Viver na Quente Incerteza

Lá fora tudo se derrete
À sombra de um sol que funde,
Com a luz que lhe compete.
Ninguém evita que se afunde
A massa pastosa da outrora sólida
Estrutura, agora flácida e estólida.

A ruina é incerta.
A queda variável.
Surge uma aberta
Pouco ou nada viável.
À falta de alternativa
Prossegue a comitiva,
Na esperança de encontrar
As bases sólidas onde fundear.

No exterior teme-se a altura.
No interior teme-se a ruina da pedra.
Junto à terra foge-se à abertura
Que do sismo por vezes medra.
Pelo ar corre um vento quente
Errante que seca e mirra a mente.

A segurança desapareceu,
A ilusão desfaleceu.
Mas ficámos mais fortes na fraqueza.
Voltámos à primordial rudeza.
Voltámos a ser sobreviventes na incerteza!

Famílias paralelas (paradoxais)

O pai, conservador, tinha um caso com um homem. A mãe, feminista, comprovava que, mais que tudo, gostava de mulheres. Os filhos, em segredo, fizeram-se adotar por 2 país e 2 mães.

O consciente medo da sabedoria arrogante


Dou a volta à minha fortaleza,
Com a minha arrogância de realeza,
Observo das frestas à distância.
Tudo continua imundo em constância.
Lá continuam na ignorância do comer,
Alimentam-se só porque tem de ser.
Beber sem satisfazer uma sede de saber,
Desse desconhecido não tiram prazer.

Tão voraz como os demais,
Alimento-me sem comensais.
Não deixo ninguém chegar perto,
Atras da muralha.
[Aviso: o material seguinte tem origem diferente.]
(* Consider any run of Algorithm 1 (described in the context) under the standing assumption. Then: (i) if $k\in\mathcal{B}\cap\mathcal{S}$, then $f_k-f_{k+1}\ge\tfrac{\eta}{2}\epsilon_H\delta_k^2$; (ii) if $k\in\mathcal{I}\cap\mathcal{S}$, then \[ f_k-f_{k+1}\ \ge\ \tfrac{\eta}{2(1+2L_H)}\min\big\{\|g_{k+1}\|^2\epsilon_H^{-1},\ \epsilon_H^3\big\}. \]
   Context: Let $f:\mathbb{R}^n\to\mathbb{R}$ with gradient $g=\nabla f$ and Hessian $H=\nabla^2 f$; $\|\cdot\|$ is the Euclidean norm and $\lambda_{\min}(\cdot)$ the smallest eigenvalue of a symmetric matrix. Write $f_k=f(x_k)$, $g_k=g(x_k)$, $H_k=H(x_k)$ and $m_k(x):=f_k+g_k^T(x-x_k)+\tfrac12(x-x_k)^TH_k(x-x_k)$. Algorithm 1 (exact trust-region Newton method). Inputs: tolerances $\epsilon_g,\epsilon_H>0$; parameters $\gamma_1\in(0,1)$, $\gamma_2\in[1,\infty)$, $\psi\in(1/\gamma_2,1]$; $x_0\in\mathbb{R}^n$; $\delta_0>0$; $\delta_{\max}\ge\delta_0$; $\eta\in(0,1)$. For $k=0,1,2,\dots$: evaluate $g_k,H_k$; if $\|g_k\|\le\epsilon_g$, compute $\lambda_k=\lambda_{\min}(H_k)$ and, if $\lambda_k\ge-\epsilon_H$, return $x_k$ (terminate). Otherwise compute $s_k$ as a global solution of $\min_{s}\ m_k(x_k+s)+\tfrac12\epsilon_H\|s\|^2$ subject to $\|s\|\le\delta_k$. Set $\rho_k=\frac{f_k-f(x_k+s_k)}{m_k(x_k)-m_k(x_k+s_k)}$. If $\rho_k\ge\eta$: $x_{k+1}=x_k+s_k$, and $\delta_{k+1}=\min\{\gamma_2\delta_k,\delta_{\max}\}$ if $\|s_k\|\ge\psi\delta_k$, else $\delta_{k+1}=\delta_k$. If $\rho_k<\eta$: $x_{k+1}=x_k$ and $\delta_{k+1}=\gamma_1\|s_k\|$. $\mathcal{K}$ is the set of indices $k$ such that iteration $k$ is completed without termination; $\mathcal{S}=\{k\in\mathcal{K}:\rho_k\ge\eta\}$, $\mathcal{I}=\{k\in\mathcal{K}:\|s_k\|<\delta_k\}$, $\mathcal{B}=\{k\in\mathcal{K}:\|s_k\|=\delta_k\}$. Standing assumption: the sequence $\{f_k\}$ is bounded below by some $f_{\rm low}\in\mathbb{R}$, and all segments $[x_k,x_k+s_k]$ lie in an open set on which $f$ is twice continuously differentiable with gradient Lipschitz continuous with constant $L_g>0$ and Hessian Lipschitz continuous with constant $L_H>0$. *)

theory Defs
  imports "HOL-Analysis.Analysis"
begin
theorem theorem4p1:
  fixes ar :: "'c \<Rightarrow> nat" and I :: "'c \<Rightarrow> tv list \<Rightarrow> tv" and S :: "(nat \<Rightarrow> tv) set"
  assumes "realizes_finite S" and "const_expressive ar I S"
  shows "(\<forall>R\<in>{ss, tt, st, ts, sstt}. admits_disj R ar I S \<and> admits_conj R ar I S)
       \<and> (\<forall>R\<in>{ss, tt, st, ts}. admits_neg R ar I S \<and> admits_cond R ar I S)
       \<and> \<not> admits_neg sstt ar I S \<and> \<not> admits_cond sstt ar I S"
proof -
  have nonempty: "S \<noteq> {}"
    using assms(1) unfolding realizes_finite_def by (metis empty_iff finite.emptyI)
  have "admits_disj R ar I S \<and> admits_conj R ar I S" if "R \<in> {ss, tt, st, ts, sstt}" for R
    using that by (blast intro: admits_disjI admits_conjI G_disj_tv_max G_conj_tv_min)
  moreover have "admits_neg R ar I S \<and> admits_cond R ar I S" if "R \<in> {ss, tt, st, ts}" for R
    using that G_neg_tv_instances G_cond_tv_instances by (blast intro: admits_negI admits_condI)
  moreover have "\<not> admits_neg sstt ar I S"
    using admits_negD[OF nonempty assms(2)] not_G_neg_tv_sstt by blast
  moreover have "\<not> admits_cond sstt ar I S"
    using admits_condD[OF nonempty assms(2)] not_G_cond_tv_sstt by blast
  ultimately show ?thesis
    by blast
qed

end
(* Let $(\mathcal C,\otimes,\mathbb I)$ be a monoidal category with pushouts and $(H,\Delta,\varepsilon)$ a coalgebra in $\mathcal C$. Let $(X,X\bullet H,\pi_X,\rho_X)$ be a geometric partial $H$-comodule, and consider the parallel comodule morphisms $\rho_X\otimes H,\ (\pi_X\otimes H)\circ(X\otimes\Delta):(X\otimes H,X\otimes\Delta)\to((X\bullet H)\otimes H,(X\bullet H)\otimes\Delta)$. Let $(Y,\delta)$ be a global $H$-comodule. Then the maps $$g\mapsto (g\otimes H)\circ\delta,\qquad f\mapsto (X\otimes\varepsilon)\circ f$$ are mutually inverse bijections between $\mathrm{Hom}_{\mathsf{PCom}^H}(\mathcal I(Y),X)$ and the set of comodule morphisms $f\in\mathrm{Hom}_{\mathsf{Com}^H}(Y,X\otimes H)$ satisfying $(\rho_X\otimes H)\circ f=(\pi_X\otimes H)\circ(X\otimes\Delta)\circ f$. This correspondence is natural in both $Y$ and $X$.
   Context: $\mathcal C$ is treated as strict monoidal; the identity of an object $X$ is also written $X$. $\mathsf{Com}^H$ is the category of right $H$-comodules $(Y,\delta)$. A partial comodule datum is $(X,X\bullet H,\pi_X,\rho_X)$ with $\rho_X:X\to X\bullet H$ and $\pi_X:X\otimes H\to X\bullet H$ an epimorphism. For such a datum let: $(X\bullet H)\bullet H$ be the pushout of $\pi_X$ and $\rho_X\otimes H$, with coprojections $\rho_X\bullet H$ and $\pi_{X\bullet H}$; $X\bullet(H\otimes H)$ the pushout of $\pi_X$ and $X\otimes\Delta$, with coprojections $X\bullet\Delta$ and $\pi_{X,\Delta}:X\otimes H\otimes H\to X\bullet(H\otimes H)$; $X\bullet(H\bullet H)$ the pushout of $\pi_{X,\Delta}$ and $\pi_X\otimes H$, with coprojections $\pi'_X$ and $\pi'_{X,\Delta}$. A geometric partial $H$-comodule is a datum such that (GP1) there is $X\bullet\varepsilon:X\bullet H\to X$ with $(X\bullet\varepsilon)\circ\rho_X=\mathrm{id}_X$ and $(X\bullet\varepsilon)\circ\pi_X=X\otimes\varepsilon$; (GP2) there is an isomorphism $\theta:X\bullet(H\bullet H)\to(X\bullet H)\bullet H$ with $\theta\circ\pi'_{X,\Delta}=\pi_{X\bullet H}$ and $(\rho_X\bullet H)\circ\rho_X=\theta\circ\pi'_X\circ(X\bullet\Delta)\circ\rho_X$. Morphisms $X\to X'$ are pairs $(f,f\bullet H)$ with $\rho_{X'}\circ f=(f\bullet H)\circ\rho_X$ and $\pi_{X'}\circ(f\otimes H)=(f\bullet H)\circ\pi_X$ (determined by $f$); category $\mathsf{PCom}^H$. A global comodule $(Y,\delta)$ gives $\mathcal I(Y)=(Y,Y\otimes H,\mathrm{id},\delta)$; a morphism $\mathcal I(Y)\to X$ is a morphism $g:Y\to X$ in $\mathcal C$ with $\pi_X\circ(g\otimes H)\circ\delta=\rho_X\circ g$. *)

theory Defs
  imports Main
begin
Fico no deserto
Da companhia de mim mesmo,
Sempre o mesmo próprio esmo.
Mas não subsisto sem o alheio,
Quer seja de superfície ou recheio.
Sou hipócrita no forte que me abriga,
Sou incoerente  por evitar o ataque e briga.

Alimento-me daquilo que gosto
Longe de estar justaposto ou exposto.
Como sem maneiras nem galanteias
De o partilhar com as assembleias.
Sou um nobre mordaz e arrogante
Que critica de escudo acutilante.
Mas pelo menos sei que sou assim
Um sem fim consciente de mim.
Para sempre viveria no castelo
Feito de ilusões onde me aquartelo.
Dos que diminuo uso para comparação
Alimentando a ilusão da dominação.

Espero que nunca me destronem,
Que nunca fraco me encontrem,
Pois não saberia viver de outro modo.
Não saberia viver em comunidade,
Não conseguiria viver sem a identidade
De me enganar, em jeito de vaidade,
Com o meu superior saber de superioridade.

Talvez um dia encontre a paz interna
Para me fazer abrir as portas e caserna.
Talvez um dia derrube as torres e muralhas,
Encha o fosso e reutilize pedras com talhas.
Se nas demolições por cá ficar sepultado
Talvez um dia seja por quem critico amado.
Eu próprio comia sem odre o putrefacto
Para me tornar mais vazio. Correria pelo mato!
Mas só o faria se soubesse que a humildade
Verdadeiramente realizasse a humanidade.